The U.S. won the inaugural world title in 3:23.05, and since then we’ve seen 3:19-something win gold and break the world record three straight times at Worlds, most recently last month in Budapest.

Despite missing 100 free Olympic champion Emma McKeon, Olympic 100 free bronze medalist and the owner of the fastest relay split in history Cate Campbell, the #2 ranked 100 freestyler in the world this year Shayna Jack, and their star male, Kyle Chalmers, not operating at his peak, the Australian team managed to lower the world record in Budapest in a time of 3:19.38.

Australia’s World Record, 2022 World Championships

Swimmer Split
Jack Cartwright 48.12
Kyle Chalmers 46.98 (1:35.10)
Madi Wilson 52.25 (2:27.35)
Mollie O’Callaghan 52.03 (3:19.38)

Given that the Aussies broke the world record while seemingly leaving some time on the table, it begs the question: using swimmers who competed during the same era, which country could put together the fastest mixed free relay?

To keep things straightforward, the teams have been broken down by Olympic quad. That is, the fastest male flat-start swimmer from the Olympic quad (e.g. 2009-12), plus the top male flying split and the two fastest female legs.

Due to the unmatched depth in the U.S. and Australia, it boils down to these two nations.


We begin in the Olympic quad between Athens 2004 and Beijing 2008. This was an obvious place to start because it had the fastest male split in history, Jason Lezak‘s 46.06 from 2008.

USA Australia
Michael Phelps – 47.51 Eamon Sullivan – 47.05
Jason Lezak – 46.06 Matt Targett – 47.25
Dara Torres – 52.27 Libby Trickett – 52.34
Natalie Coughlin – 53.21 Jodie Henry – 53.21
3:19.05 3:19.85

With Lezak’s split being the difference-maker, along with strong contributions from Michael Phelps‘ relay lead-off and Dara Torres‘ medley anchor from Beijing, the Americans comfortably take out Australia in this quad. Their time of 3:19.05 ends up holding up as one of the fastest ever despite a 53.2 female leg.


Despite the next quad factoring in the 2009 World Championships that had a windfall of world record performances, the relay teams were actually a bit slower as a whole.

USA Australia
Dave Walters – 47.33 James Roberts – 47.63
Nathan Adrian – 46.79 James Magnussen – 47.00
Missy Franklin – 52.79 Libby Trickett – 52.34
Dana Vollmer – 53.18 Melanie Schlanger – 52.54
3:20.09 3:19.51

The Australian men had James Magnussen (47.10) and James Roberts (47.63) wow at the 2012 Olympic Trials, but the nation did not get any relay splits sub-47 for the quad. Roberts was never faster than that on a relay, while Magnussen was 47-flat on an anchor leg in 2011.
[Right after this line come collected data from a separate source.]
(* Let $m\geq 2$ be an integer. There exists $\bar\varepsilon_m>0$ such that, if the micro RKC method uses a damping parameter $\varepsilon_m\in[0,\bar\varepsilon_m]$, the following holds. Let $\lambda\leq 0$, $\zeta<0$, $\alpha_m=P_m''(0)$, and let $s$, $\tau>0$, $\eta>0$ satisfy $$(1+\alpha_m)\,\tau|\zeta|\leq \tilde\beta_s s^2=\ell_s,\qquad \eta|\lambda|\leq \ell_m^{\varepsilon_m},\qquad \eta\geq\frac{2\tau(1+\alpha_m)}{\alpha_m\ell_s}.$$ Then the mROCK2 method applied with macro-step $\tau$ and micro-step $\eta$ to the scalar test equation $\dot y=\lambda y+\zeta y$ (with $f_F(y)=\lambda y$, $f_S(y)=\zeta y$) satisfies $y_{n+1}=R_{s,m}(\lambda,\zeta,\tau,\eta)\,y_n$ with $|R_{s,m}(\lambda,\zeta,\tau,\eta)|\leq 1$, i.e. the scheme is stable.
   Context: RKC method (micro method). For damping $\varepsilon\geq 0$ and $m$ stages, let $T_j$ be the Chebyshev polynomials ($T_0=1$, $T_1(x)=x$, $T_j=2xT_{j-1}-T_{j-2}$), $\omega_0=1+\varepsilon/m^2$, $\omega_1=T_m(\omega_0)/T_m'(\omega_0)$, $b_j=1/T_j(\omega_0)$. One step of size $h$ for $\dot u=g(u)$ from $u_0$: $k_0=u_0$, $k_1=k_0+\frac{\omega_1}{\omega_0}h\,g(k_0)$, $k_j=\nu_jk_{j-1}+\kappa_jk_{j-2}+\mu_jh\,g(k_{j-1})$ for $j=2,\dots,m$, with $\mu_j=2\omega_1b_j/b_{j-1}$, $\nu_j=2\omega_0b_j/b_{j-1}$, $\kappa_j=-b_j/b_{j-2}$; the result is $k_m$. Its stability polynomial is $P_m(z)=b_mT_m(\omega_0+\omega_1z)$, which satisfies $|P_m(z)|\leq 1$ on $[-\ell_m^{\varepsilon},0]$ with $\ell_m^\varepsilon=2\omega_0/\omega_1$. Set $\Phi_m(z)=(P_m(z)-1)/z$, $\Phi_m(0)=1$. ROCK2 method (macro method): an explicit $s$-stage Runge–Kutta method whose application to $\dot y=\kappa y$ with step $\tau$ gives $y_{n+1}=R_s(\tau\kappa)y_n$ for a real polynomial $R_s$ with $|R_s(z)|\leq 1$ for all $z\in[-\ell_s,0]$, where $\ell_s=\tilde\beta_s s^2$ ($\tilde\beta_s>0$ is the ROCK2 stability constant). mROCK2 step for $\dot y=f_F(y)+f_S(y)$: define the numerical averaged force $\bar f_{\eta,2}(y)$ by (i) $u_\eta$ = one RKC step of size $\eta$ for $\dot u=f_F(u)+f_S(y)$, $u(0)=y$; (ii) $\bar f_{\eta,1}(y)=(u_\eta-y)/\eta$; (iii) $v_\eta$ = one RKC step of size $\eta$ for $\dot v=f_F\bigl(v-\frac{\alpha_m\eta}{2}\bar f_{\eta,1}(y)\bigr)+f_S(y)$, $v(0)=y$; (iv) $\bar f_{\eta,2}(y)=(v_\eta-y)/\eta$. Then $y_{n+1}$ is one ROCK2 step of size $\tau$ from $y_n$ for $\dot y=\bar f_{\eta,2}(y)$. $R_{s,m}(\lambda,\zeta,\tau,\eta)$ denotes the resulting amplification factor on the test equation. *)

theory Defs
  imports "HOL-Analysis.Analysis" "HOL-Computational_Algebra.Polynomial"
begin

fun cheb_T :: "nat \<Rightarrow> real \<Rightarrow> real" where
  "cheb_T 0 x = 1"
| "cheb_T (Suc 0) x = x"
| "cheb_T (Suc (Suc j)) x = 2 * x * cheb_T (Suc j) x - cheb_T j x"

definition rkc_omega0 :: "nat \<Rightarrow> real \<Rightarrow> real" where
  "rkc_omega0 m eps = 1 + eps / (real m)^2"

definition rkc_omega1 :: "nat \<Rightarrow> real \<Rightarrow> real" where
  "rkc_omega1 m eps = cheb_T m (rkc_omega0 m eps) / deriv (cheb_T m) (rkc_omega0 m eps)"

definition rkc_b :: "nat \<Rightarrow> real \<Rightarrow> nat \<Rightarrow> real" where
  "rkc_b m eps j = 1 / cheb_T j (rkc_omega0 m eps)"

definition rkc_mu :: "nat \<Rightarrow> real \<Rightarrow> nat \<Rightarrow> real" where
  "rkc_mu m eps j = 2 * rkc_omega1 m eps * rkc_b m eps j / rkc_b m eps (j - 1)"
The U.S. lacked high-end ability in the women’s 100 free during this timespan, as evidenced by only having one sub-53 leg.


This is where things really start to separate between the two countries, as the Aussies had the Campbell sisters producing numerous sub-52 relay splits throughout the second half of the 2010s.

In this quad, Cate Campbell split as fast as 51.59 at the 2014 Commonwealth Games, while Bronte Campbell was 51.77 (and 51.78) at the 2015 World Championships.

They also had Cameron McEvoy clock 47.04 individually in 2016 which still ranks him fourth all-time in the 100 free (and #2 textile), and a few months later, Kyle Chalmers won the Olympic title in the event and split 46.72 in Rio.

That brings us down by nearly two full seconds to 3:17.12.

USA Australia
Jimmy Feigen – 47.82 Cameron McEvoy – 47.04
Nathan Adrian – 46.74 Kyle Chalmers – 46.72
Simone Manuel – 52.43 Cate Campbell – 51.59
Abbey Weitzeil – 52.56 Bronte Campbell – 51.77
3:19.55 3:17.12


Note that times done since the Tokyo Olympics are not factored in.

Not surprisingly, the fastest theoretical relay comes from the most recent quad, with the Australians able to compile a sizzling time of 3:16.63 – 2.75 seconds clear of the existing world record.

This factors in Cate Campbell clocking the fastest split of all-time for the women in 50.93, and Emma McKeon swimming the #5 split ever in 51.35 (Campbell holds the top four).

The men have Chalmers with the fifth-fastest male split in history, and then McEvoy’s 47.91 lead-off from 2017 does the job to open things up.

The U.S. challenges reasonably well. Caeleb Dressel finally enters the mix with the only sub-47 textile flat-start swim ever, and Zach Apple‘s 46.69 anchor leg from Tokyo is one of just 15 splits under 46.7 in history.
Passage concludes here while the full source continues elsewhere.